TEXAS GOSPEL VOLUNTEER
There is a particular kind of creative spark that catches people off guard, arriving not in a recording studio or at a songwriter’s desk but through a phone screen at some unremarkable hour. For Lauren Talley, that moment came about three years ago, while watching a video online.
“I saw a YouTube video that completely changed how I look at life and ministry,” she says. “The Passion Conference, held in Atlanta, showed a moment where the worship leaders stopped singing, fell on their faces before the Lord, and the entire stadium was overcome by the presence of God. That video taught me to pursue His presence above all else.”
It is the kind of moment that is difficult to quantify, the sort of spiritual disruption that either fades quickly or rearranges something fundamental in a person. For Talley, it clearly did the latter. She carried what she had witnessed to Nashville songwriter Tony Wood, a veteran collaborator with credits stretching across the Christian music landscape, and the two built something out of it together. The result is “Look at the Lamb,” her new single for Horizon Records, which arrives with no small amount of intention behind it.
“Out of inspiration from watching that,” Talley says, “I took ‘Look At The Lamb’ to my friend Tony Wood, and together wrote what I think will be an anthem for the church for many years to come.”
That is a confident claim, but Talley is not a newcomer making bold pronouncements from the margins. She has spent the better part of her life inside gospel music, having sung her first solo at age two when, as family lore has it, she wandered onto the stage during one of her family’s concerts and announced she wanted to “thing.” The malapropism stuck. So did the instinct.
As a member of The Talleys, the family group she grew up performing with, she earned a Dove Award in 2015 for “Hidden Heroes” and contributed lead vocals to eleven number one hits.

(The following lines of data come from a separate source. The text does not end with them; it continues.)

(* Let $Q=\partial_\psi S$ and $R=\partial_\psi P_0$ be $\partial_\psi$-delta operators with $S,P_0\in\Sigma_\psi$ invertible, and let $(p_n)$ and $(r_n)$ be their respective $\partial_\psi$-basic polynomial sequences. Then for every $n>0$, $$p_n(x)=\hat x_\psi\,(P_0S^{-1})^n\,\hat x_\psi^{-1}\,r_n(x).$$
   Context: Let $F$ be a field of characteristic $0$, $P=F[x]$. Fix $(\psi_n)_{n\ge0}$ in $F$ with $\psi_0=1$, $\psi_n\ne0$, $\psi_{-1}=0$; $n_\psi=\psi_{n-1}/\psi_n$, $n_\psi!=1/\psi_n$, $0_\psi!=1$. $\partial_\psi x^n=n_\psi x^{n-1}$ (linear); $E^a(\partial_\psi)=\sum_k\frac{a^k}{k_\psi!}\partial_\psi^k$. $\Sigma_\psi$: algebra of linear operators on $P$ commuting with all $E^a(\partial_\psi)$. A $\partial_\psi$-delta operator is $Q\in\Sigma_\psi$ with $Q(x)$ a nonzero constant; its $\partial_\psi$-basic sequence: $\deg p_n=n$, $p_0=1$, $p_n(0)=0$ for $n>0$, $Qp_n=n_\psi p_{n-1}$. $\hat x_\psi x^n=\frac{n+1}{(n+1)_\psi}x^{n+1}$ (linear), and $\hat x_\psi^{-1}$ is its inverse on polynomials with zero constant term: $\hat x_\psi^{-1}x^n=\frac{n_\psi}{n}x^{n-1}$ for $n\ge1$. *)

theory Defs
  imports "HOL-Computational_Algebra.Polynomial"
begin

text \<open>psi-integer n_psi = psi(n-1)/psi(n), with psi(-1) = 0, so 0_psi = 0.\<close>
definition psi_num :: "(nat \<Rightarrow> 'a::field) \<Rightarrow> nat \<Rightarrow> 'a" where
  "psi_num psi n = (if n = 0 then 0 else psi (n - 1) / psi n)"

definition psi_fact :: "(nat \<Rightarrow> 'a::field) \<Rightarrow> nat \<Rightarrow> 'a" where
  "psi_fact psi n = 1 / psi n"

definition admissible_psi :: "(nat \<Rightarrow> 'a::field) \<Rightarrow> bool" where
  "admissible_psi psi \<longleftrightarrow> psi 0 = 1 \<and> (\<forall>n. psi n \<noteq> 0)"

definition psi_deriv :: "(nat \<Rightarrow> 'a::field) \<Rightarrow> 'a poly \<Rightarrow> 'a poly" where
  "psi_deriv psi p = (\<Sum>n\<le>degree p. smult (coeff p n * psi_num psi n) (monom 1 (n - 1)))"

text \<open>E^a(psi_deriv) = sum_k a^k / k_psi! psi_deriv^k (finite on each polynomial).\<close>
definition psi_shift :: "(nat \<Rightarrow> 'a::field) \<Rightarrow> 'a \<Rightarrow> 'a poly \<Rightarrow> 'a poly" where
  "psi_shift psi a p = (\<Sum>k\<le>degree p. smult (a ^ k / psi_fact psi k) ((psi_deriv psi ^^ k) p))"

definition lin_op :: "('a::field poly \<Rightarrow> 'a poly) \<Rightarrow> bool" where
  "lin_op T \<longleftrightarrow> (\<forall>p q. T (p + q) = T p + T q) \<and> (\<forall>c p. T (smult c p) = smult c (T p))"

definition Sigma_psi :: "(nat \<Rightarrow> 'a::field) \<Rightarrow> ('a poly \<Rightarrow> 'a poly) set" where
  "Sigma_psi psi = {T. lin_op T \<and> (\<forall>a p. T (psi_shift psi a p) = psi_shift psi a (T p))}"

definition psi_delta :: "(nat \<Rightarrow> 'a::field) \<Rightarrow> ('a poly \<Rightarrow> 'a poly) \<Rightarrow> bool" where
  "psi_delta psi Q \<longleftrightarrow> Q \<in> Sigma_psi psi \<and> degree (Q [:0, 1:]) = 0 \<and> Q [:0, 1:] \<noteq> 0"

definition psi_basic_seq :: "(nat \<Rightarrow> 'a::field) \<Rightarrow> ('a poly \<Rightarrow> 'a poly) \<Rightarrow> (nat \<Rightarrow> 'a poly) \<Rightarrow> bool" where
  "psi_basic_seq psi Q p \<longleftrightarrow>
     (\<forall>n. degree (p n) = n) \<and> p 0 = 1 \<and> (\<forall>n>0. poly (p n) 0 = 0) \<and>
     (\<forall>n. Q (p n) = smult (psi_num psi n) (p (n - 1)))"

definition psi_xhat :: "(nat \<Rightarrow> 'a::field_char_0) \<Rightarrow> 'a poly \<Rightarrow> 'a poly" where
  "psi_xhat psi p = (\<Sum>n\<le>degree p.
      smult (coeff p n * of_nat (n + 1) / psi_num psi (n + 1)) (monom 1 (n + 1)))"

text \<open>hat x_psi^{-1}: x^n \<mapsto> n_psi/n x^(n-1) for n \<ge> 1 (used on polys with zero constant term).\<close>
definition psi_xhat_inv :: "(nat \<Rightarrow> 'a::field_char_0) \<Rightarrow> 'a poly \<Rightarrow> 'a poly" where
  "psi_xhat_inv psi p = (\<Sum>n\<in>{1..degree p}.
      smult (coeff p n * psi_num psi n / of_nat n) (monom 1 (n - 1)))"

end

theory Submission
  imports Defs "HOL-Computational_Algebra.Formal_Power_Series"
begin

text \<open>
  By the expansion theorem every operator in \<open>\<Sigma>\<^sub>\<psi>\<close> is a power series \<open>f(\<partial>\<^sub>\<psi>)\<close>, and
  \<open>f \<mapsto> f(\<partial>\<^sub>\<psi>)\<close> is multiplicative; so \<open>S = s(\<partial>\<^sub>\<psi>)\<close> and \<open>P\<^sub>0 = \<pi>(\<partial>\<^sub>\<psi>)\<close> with
  \<open>s(0), \<pi>(0) \<noteq> 0\<close>. As in the classical transfer formula, the basic sequence of
  \<open>Q = \<partial>\<^sub>\<psi> s(\<partial>\<^sub>\<psi>)\<close> is \<open>p\<^sub>n = h\<^sub>n(\<partial>\<^sub>\<psi>) x\<^sup>n\<close> with \<open>h\<^sub>n = (x s)' s\<^bsup>-n-1\<^esup>\<close>: both sides
  satisfy \<open>Q q\<^sub>n = n\<^sub>\<psi> q\<^sub>n\<^sub>-\<^sub>1\<close> and vanish at \<open>0\<close>, and \<open>Q\<close> is injective on such polynomials.
  Since \<open>n h\<^sub>n = n s\<^bsup>-n\<^esup> - x (s\<^bsup>-n\<^esup>)'\<close>, comparing coefficients turns this into
  \<open>p\<^sub>n = psi_xhat (s(\<partial>\<^sub>\<psi>)\<^bsup>-n\<^esup> (psi_xhat_inv x\<^sup>n))\<close>. The same formula for \<open>r\<^sub>n\<close> gives
  \<open>psi_xhat_inv r\<^sub>n = \<pi>(\<partial>\<^sub>\<psi>)\<^bsup>-n\<^esup> (psi_xhat_inv x\<^sup>n)\<close>, and \<open>(P\<^sub>0 S\<^sup>-\<^sup>1)\<^sup>n\<close> maps this to
  \<open>s(\<partial>\<^sub>\<psi>)\<^bsup>-n\<^esup> (psi_xhat_inv x\<^sup>n)\<close>.\<close>

unbundle fps_syntax

lemma lin_op_zero: "lin_op T \<Longrightarrow> T 0 = 0"
  unfolding lin_op_def by (metis smult_0_left)

lemma lin_op_sum:
  assumes "lin_op T" "finite A"
  shows "T (\<Sum>i\<in>A. f i) = (\<Sum>i\<in>A. T (f i))"
  using assms(2)
  by (induction A rule: finite_induct)
     (use assms(1) in \<open>auto simp: lin_op_zero lin_op_def\<close>)

lemma coeff_psi_deriv: "coeff (psi_deriv psi p) k = psi_num psi (k + 1) * coeff p (k + 1)"
proof -
  have "coeff (psi_deriv psi p) k =
      (\<Sum>n\<le>degree p. if n = k + 1 then psi_num psi n * coeff p n else 0)"
    unfolding psi_deriv_def coeff_sum by (rule sum.cong) (auto simp: psi_num_def)
  then show ?thesis by (simp add: sum.delta' coeff_eq_0)
qed

lemma coeff_psi_xhat:
  "coeff (psi_xhat psi p) k = (if k = 0 then 0 else of_nat k / psi_num psi k * coeff p (k - 1))"
proof -
  have "coeff (psi_xhat psi p) k = (\<Sum>n\<le>degree p.
      if n = k - 1 then (if k = 0 then 0 else of_nat k / psi_num psi k * coeff p n) else 0)"
    unfolding psi_xhat_def coeff_sum by (rule sum.cong) auto
  then show ?thesis by (simp add: sum.delta' coeff_eq_0)
qed

lemma coeff_psi_xhat_inv:
  "coeff (psi_xhat_inv psi p) k = psi_num psi (k + 1) / of_nat (k + 1) * coeff p (k + 1)"
proof -
  have "coeff (psi_xhat_inv psi p) k = (\<Sum>n\<in>{1..degree p}.
      if n = k + 1 then psi_num psi n / of_nat n * coeff p n else 0)"
    unfolding psi_xhat_inv_def coeff_sum by (rule sum.cong) auto
  then show ?thesis by (simp add: sum.delta' coeff_eq_0)
qed

lemma psi_deriv_diff: "psi_deriv psi (p - q) = psi_deriv psi p - psi_deriv psi q"
  by (rule poly_eqI) (simp add: coeff_psi_deriv algebra_simps)

lemma psi_deriv_monom: "psi_deriv psi (monom c n) = monom (psi_num psi n * c) (n - 1)"
  by (rule poly_eqI) (auto simp: coeff_psi_deriv coeff_monom psi_num_def)

lemma psi_xhat_inv_monom:
  "psi_xhat_inv psi (monom c n) = monom (psi_num psi n / of_nat n * c) (n - 1)"
  by (rule poly_eqI) (auto simp: coeff_psi_xhat_inv coeff_monom psi_num_def)

text \<open>
  The series of the transfer formula: for the delta operator \<open>Q = \<partial>\<^sub>\<psi> s(\<partial>\<^sub>\<psi>)\<close>
  it is \<open>Q'(\<partial>\<^sub>\<psi>) (\<partial>\<^sub>\<psi>/Q)\<^bsup>n+1\<^esup>\<close>.\<close>
definition transfer_series :: "'a::field fps \<Rightarrow> nat \<Rightarrow> 'a fps" where
  "transfer_series s n = fps_deriv (fps_X * s) * inverse s ^ (n + 1)"

lemma transfer_series_0_nth_0:
  assumes "s $ 0 \<noteq> 0"
  shows "transfer_series s 0 $ 0 = 1"
proof -
  have "fps_deriv (fps_X * s) $ 0 = s $ 0"
    by (simp add: fps_deriv_mult)
  then show ?thesis
    using assms by (simp add: transfer_series_def)
qed

lemma mult_transfer_series_Suc:
  assumes "s $ 0 \<noteq> 0"
  shows "s * transfer_series s (Suc n) = transfer_series s n"
proof -
  have "s * inverse s ^ (Suc n + 1) = inverse s ^ (n + 1)"
    using assms by (simp add: mult.assoc[symmetric] inverse_mult_eq_1')
  then show ?thesis
    unfolding transfer_series_def by (simp only: mult.left_commute[of s])
qed

lemma transfer_series_nth:
  fixes s :: "'a::field_char_0 fps"
  assumes s0: "s $ 0 \<noteq> 0" and "n > 0"
  shows "transfer_series s n $ j = (of_nat n - of_nat j) / of_nat n * (inverse s ^ n) $ j"
proof -
  define t where "t = inverse s"
  have st: "s * t = 1"
    using s0 by (simp add: t_def inverse_mult_eq_1')
  obtain m where m: "n = Suc m"
    using \<open>n > 0\<close> by (cases n) auto
  have "fps_deriv (t ^ n) = fps_const (of_nat n) * fps_deriv t * t ^ m"
    by (simp only: fps_deriv_power m diff_Suc_1)
  also have "\<dots> = - (fps_const (of_nat n) * fps_deriv s * t ^ (n + 1))"
    using s0 by (simp add: t_def fps_inverse_deriv m power2_eq_square mult_ac
        del: of_nat_Suc fps_const_neg)
  finally have dt: "fps_deriv (t ^ n) = - (fps_const (of_nat n) * fps_deriv s * t ^ (n + 1))" .
  have "s * t ^ (n + 1) = t ^ n"
    by (simp add: st mult.assoc[symmetric])
  then have "transfer_series s n = t ^ n + fps_X * fps_deriv s * t ^ (n + 1)"
    by (simp add: transfer_series_def t_def distrib_right)
  then have "fps_const (of_nat n) * transfer_series s n =
      fps_const (of_nat n) * t ^ n - fps_X * fps_deriv (t ^ n)"
    by (simp add: dt algebra_simps)
  then have "(fps_const (of_nat n) * transfer_series s n) $ j =
      (fps_const (of_nat n) * t ^ n - fps_X * fps_deriv (t ^ n)) $ j"
    by simp
  then have "of_nat n * transfer_series s n $ j = of_nat n * (t ^ n) $ j - of_nat j * (t ^ n) $ j"
    by (cases j) (simp_all add: algebra_simps)
  moreover have "(of_nat n :: 'a) \<noteq> 0"
    using \<open>n > 0\<close> by simp
  ultimately show ?thesis
    by (simp add: t_def field_simps)
qed

locale psi_calculus =
  fixes psi :: "nat \<Rightarrow> 'a::field_char_0"
  assumes admissible: "admissible_psi psi"
begin

lemma psi_0: "psi 0 = 1"
  and psi_nonzero: "psi n \<noteq> 0"
  using admissible by (auto simp: admissible_psi_def)

lemma psi_num_nonzero: "n > 0 \<Longrightarrow> psi_num psi n \<noteq> 0"
  by (simp add: psi_num_def psi_nonzero)

text \<open>
  Coordinates with respect to the basis \<open>x\<^sup>k / k\<^sub>\<psi>! = monom (psi k) k\<close>, on which
  \<open>\<partial>\<^sub>\<psi>\<close> acts as the shift \<open>k \<mapsto> k - 1\<close>.\<close>
definition psi_coeff :: "nat \<Rightarrow> 'a poly \<Rightarrow> 'a" where
  "psi_coeff k p = coeff p k / psi k"

lemma coeff_eq_psi_coeff: "coeff p k = psi k * psi_coeff k p"
  by (simp add: psi_coeff_def psi_nonzero)

lemma psi_coeff_eqI: "(\<And>k. psi_coeff k p = psi_coeff k q) \<Longrightarrow> p = q"
  by (metis coeff_eq_psi_coeff poly_eqI)

lemma psi_coeff_eq_0: "degree p < k \<Longrightarrow> psi_coeff k p = 0"
  by (simp add: psi_coeff_def coeff_eq_0)

lemma psi_coeff_add [simp]: "psi_coeff k (p + q) = psi_coeff k p + psi_coeff k q"
  by (simp add: psi_coeff_def add_divide_distrib)

lemma psi_coeff_smult [simp]: "psi_coeff k (smult c p) = c * psi_coeff k p"
  by (simp add: psi_coeff_def)

lemma psi_coeff_sum [simp]: "psi_coeff k (\<Sum>i\<in>A. f i) = (\<Sum>i\<in>A. psi_coeff k (f i))"
  by (simp add: psi_coeff_def coeff_sum sum_divide_distrib)

lemma psi_coeff_monom: "psi_coeff k (monom c n) = (if k = n then c / psi n else 0)"
  by (simp add: psi_coeff_def)

lemma psi_coeff_psi_deriv_funpow [simp]:
  "psi_coeff k ((psi_deriv psi ^^ j) p) = psi_coeff (k + j) p"
proof (induction j arbitrary: k)
  case (Suc j)
  then show ?case
    using psi_nonzero[of k] psi_nonzero[of "Suc k"]
    by (simp add: psi_coeff_def coeff_psi_deriv psi_num_def)
qed simp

Her solo catalogue spans seven albums, including a 2017 release, “The Gospel,” that reached the top of Billboard’s southern gospel chart, and a 2019 pairing in which she released two full-length projects simultaneously. She holds an honorary doctorate in Worship Arts from John Wesley University and is a recognisable face to the considerable audience that follows the Gaither Homecoming concert and video series.
All of which is to say that when Talley speaks about writing an anthem for the church, there is context behind the ambition.
“Look at the Lamb” opens quietly, with Talley’s voice given room to breathe before the arrangement expands into something more ceremonial. The lyric is straightforward in its theology, inviting the listener to fix their attention on Christ rather than their own circumstances:
Look at the lamb, Heaven’s King Here with us, light from his face His great heart full of love Eyes filled with grace He has come to seek and save Isn’t Jesus so amazing Isn’t Jesus glorious He’s Messiah He is mercy He’s the only worthy one
The Scripture reading embedded in the track is drawn from the same passage read aloud during the Atlanta gathering that first moved Talley, and it is narrated by Gloria Gaither, the songwriter and author whose voice carries its own particular weight in this tradition. Talley describes her as “the incomparable Gloria Gaither,” a characterisation that will resonate with anyone who knows the breadth of Gaither’s influence across decades of Christian music.
The song sits comfortably within the worship genre’s current interest in returning to a kind of reverent simplicity, favouring a direct encounter with the sacred over stylistic complexity. Whether it achieves the anthem status Talley envisions will depend, as it always does, on whether congregations make it their own.
“I pray all else disappears as you ‘Look At The Lamb,'” she says.
Beyond recording, Talley maintains a busy schedule of solo concerts, women’s conference appearances, and studio work as a background vocalist and producer for other artists. She also works as a voice and performance coach for emerging talent, a role that positions her as something of a bridge between generations in a genre that values lineage.
She is, by her own accounting, also a committed Tennessee Volunteers fan who drinks sweet tea and makes time for family. The details are offered without irony. In her world, they are not incidental to the person she is; they are part of what makes the music mean what it does.